→ Supplied records:
lemma mat_Inf_props:
  assumes P: "P \<subseteq> {X. X \<in> carrier_mat r c \<and> nonneg_mat X}" and S: "S \<in> P"
  shows "mat_Inf r c P \<in> carrier_mat r c" "nonneg_mat (mat_Inf r c P)"
    and "\<And>X. X \<in> P \<Longrightarrow> le_mat (mat_Inf r c P) X"
    and "\<And>Y. Y \<in> carrier_mat r c \<Longrightarrow> (\<And>X. X \<in> P \<Longrightarrow> le_mat Y X) \<Longrightarrow> le_mat Y (mat_Inf r c P)"
proof -
  have bdd: "bdd_below ((\<lambda>X. X $$ (i,j)) ` P)" if "i < r" "j < c" for i j
    by (rule bdd_belowI[of _ 0]) (use P that in \<open>auto dest: nonneg_matD\<close>)
  show mc: "mat_Inf r c P \<in> carrier_mat r c" unfolding mat_Inf_def by auto
  show "nonneg_mat (mat_Inf r c P)"
    using P S unfolding mat_Inf_def by (intro nonneg_matI) (auto intro!: cINF_greatest dest: nonneg_matD)
  show "le_mat (mat_Inf r c P) X" if "X \<in> P" for X
    using P that bdd mc unfolding mat_Inf_def by (intro le_matI[of _ r c]) (auto intro: cInf_lower)
  show "le_mat Y (mat_Inf r c P)" if Y: "Y \<in> carrier_mat r c" "\<And>X. X \<in> P \<Longrightarrow> le_mat Y X" for Y
  proof (rule le_matI[OF Y(1) mc])
    fix i j assume ij: "i < r" "j < c"
    have "Y $$ (i,j) \<le> X $$ (i,j)" if "X \<in> P" for X using le_matD[OF Y(2)[OF that]] ij Y(1) by auto
    then show "Y $$ (i,j) \<le> mat_Inf r c P $$ (i,j)" unfolding mat_Inf_def using ij S by (auto intro!: cINF_greatest)
  qed
qed

text \<open>The entrywise infimum of all nonnegative supersolutions is itself a solution.\<close>
lemma min_nonneg_sol_le_supersolution:
  fixes f :: "real mat \<Rightarrow> real mat"
  assumes sol: "min_nonneg_sol r c (\<lambda>X. f X = X) R"
    and fc: "\<And>X. X \<in> carrier_mat r c \<Longrightarrow> f X \<in> carrier_mat r c"
    and fn: "\<And>X. X \<in> carrier_mat r c \<Longrightarrow> nonneg_mat X \<Longrightarrow> nonneg_mat (f X)"
    and fm: "\<And>X Y. X \<in> carrier_mat r c \<Longrightarrow> Y \<in> carrier_mat r c \<Longrightarrow> nonneg_mat X \<Longrightarrow> le_mat X Y \<Longrightarrow>
               le_mat (f X) (f Y)"
    and S: "S \<in> carrier_mat r c" "nonneg_mat S" "le_mat (f S) S"
  shows "le_mat R S"
proof -
  define Pre where "Pre = {X. X \<in> carrier_mat r c \<and> nonneg_mat X \<and> le_mat (f X) X}"
  define m where "m = mat_Inf r c Pre"
  have SP: "S \<in> Pre" using S unfolding Pre_def by auto
  have "Pre \<subseteq> {X. X \<in> carrier_mat r c \<and> nonneg_mat X}" unfolding Pre_def by auto
  note inf = mat_Inf_props[OF this SP, folded m_def]
  have mc: "m \<in> carrier_mat r c" and mn: "nonneg_mat m" and mle: "\<And>X. X \<in> Pre \<Longrightarrow> le_mat m X"
    using inf by auto
  have "le_mat (f m) X" if X: "X \<in> Pre" for X
    using fm[OF mc _ mn mle[OF X]] X le_mat_trans unfolding Pre_def by blast
  then have fmle: "le_mat (f m) m" using inf(4)[OF fc[OF mc]] unfolding Pre_def by blast
  have "f m \<in> Pre" unfolding Pre_def
    using fc[OF mc] fn[OF mc mn] fm[OF fc[OF mc] mc fn[OF mc mn] fmle] by auto
  then have "le_mat m (f m)" by (rule mle)
  then have "f m = m" using fmle by (rule le_mat_antisym[rotated])
  then have "le_mat R m" using sol mc mn unfolding min_nonneg_sol_def by auto
  then show ?thesis using mle[OF SP] by (rule le_mat_trans)
qed

section \<open>Row sums and Z-matrices\<close>

definition row_sum :: "real mat \<Rightarrow> nat \<Rightarrow> real" where
  "row_sum A i = (\<Sum>j<dim_col A. A $$ (i,j))"

definition ones_vec :: "nat \<Rightarrow> real vec" where
  "ones_vec k = vec k (\<lambda>_. 1)"

lemma ones_vec_carrier[simp]: "ones_vec k \<in> carrier_vec k"
  unfolding ones_vec_def by simp

lemma index_ones_vec[simp]: "i < k \<Longrightarrow> ones_vec k $ i = 1"
  unfolding ones_vec_def by simp

lemma mult_ones_vec: "A \<in> carrier_mat r c \<Longrightarrow> i < r \<Longrightarrow> (A *\<^sub>v ones_vec c) $ i = row_sum A i"
  unfolding row_sum_def by (subst index_mult_mat_vec_sum[of A r c]) (auto simp: ones_vec_def)

lemma row_sum_add: "A \<in> carrier_mat r c \<Longrightarrow> B \<in> carrier_mat r c \<Longrightarrow> i < r \<Longrightarrow>
  row_sum (A + B) i = row_sum A i + row_sum B i"
  unfolding row_sum_def by (simp add: sum.distrib)

lemma row_sum_diff: "A \<in> carrier_mat r c \<Longrightarrow> B \<in> carrier_mat r c \<Longrightarrow> i < r \<Longrightarrow>
  row_sum (A - B) i = row_sum A i - row_sum B i"
  unfolding row_sum_def by (simp add: sum_subtractf)

lemma row_sum_smult: "A \<in> carrier_mat r c \<Longrightarrow> i < r \<Longrightarrow> row_sum (a \<cdot>\<^sub>m A) i = a * row_sum A i"
  unfolding row_sum_def by (simp add: sum_distrib_left)

lemma row_sum_one: "i < n \<Longrightarrow> row_sum (1\<^sub>m n) i = 1"
  unfolding row_sum_def by simp

lemma row_sum_mult:
  assumes "A \<in> carrier_mat r q" "B \<in> carrier_mat q c" "i < r"
  shows "row_sum (A * B) i = (\<Sum>l<q. A $$ (i,l) * row_sum B l)"
proof -
  have "row_sum (A * B) i = (\<Sum>j<c. \<Sum>l<q. A $$ (i,l) * B $$ (l,j))"
    unfolding row_sum_def using assms
    by (auto intro!: sum.cong simp del: index_mult_mat simp: index_mult_mat_sum[OF assms(1,2)] index_mult_mat(3))
  also have "\<dots> = (\<Sum>l<q. \<Sum>j<c. A $$ (i,l) * B $$ (l,j))" by (rule sum.swap)
  also have "\<dots> = (\<Sum>l<q. A $$ (i,l) * row_sum B l)"
    unfolding row_sum_def using assms by (simp add: sum_distrib_left)
  finally show ?thesis .
qed

lemma row_sum_mult_le:
  assumes "A \<in> carrier_mat r q" "B \<in> carrier_mat q c" "nonneg_mat A" "\<forall>l<q. row_sum B l \<le> 1" "i < r"
  shows "row_sum (A * B) i \<le> row_sum A i"
proof -
  have "row_sum (A * B) i = (\<Sum>l<q. A $$ (i,l) * row_sum B l)" by (rule row_sum_mult[OF assms(1,2,5)])
  also have "\<dots> \<le> (\<Sum>l<q. A $$ (i,l))"
  proof (rule sum_mono)
    fix l assume l: "l \<in> {..<q}"
    have "A $$ (i,l) \<ge> 0" using nonneg_matD[OF assms(3)] assms l by auto
    then show "A $$ (i,l) * row_sum B l \<le> A $$ (i,l)" using assms(4) l by (simp add: mult_left_le)
  qed
  also have "\<dots> = row_sum A i" unfolding row_sum_def using assms by simp
  finally show ?thesis .
qed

→ Task to complete:
Above are the records; copy exactly the lines from the line with "X Y \<Longrightarrow>" through the line with "note inf = mat_Inf_props[OF", both included.

→ Reply to the task:
    and fm: "\<And>X Y. X \<in> carrier_mat r c \<Longrightarrow> Y \<in> carrier_mat r c \<Longrightarrow> nonneg_mat X \<Longrightarrow> le_mat X Y \<Longrightarrow>
               le_mat (f X) (f Y)"
    and S: "S \<in> carrier_mat r c" "nonneg_mat S" "le_mat (f S) S"
  shows "le_mat R S"
proof -
  define Pre where "Pre = {X. X \<in> carrier_mat r c \<and> nonneg_mat X \<and> le_mat (f X) X}"
  define m where "m = mat_Inf r c Pre"
  have SP: "S \<in> Pre" using S unfolding Pre_def by auto
  have "Pre \<subseteq> {X. X \<in> carrier_mat r c \<and> nonneg_mat X}" unfolding Pre_def by auto
  note inf = mat_Inf_props[OF this SP, folded m_def]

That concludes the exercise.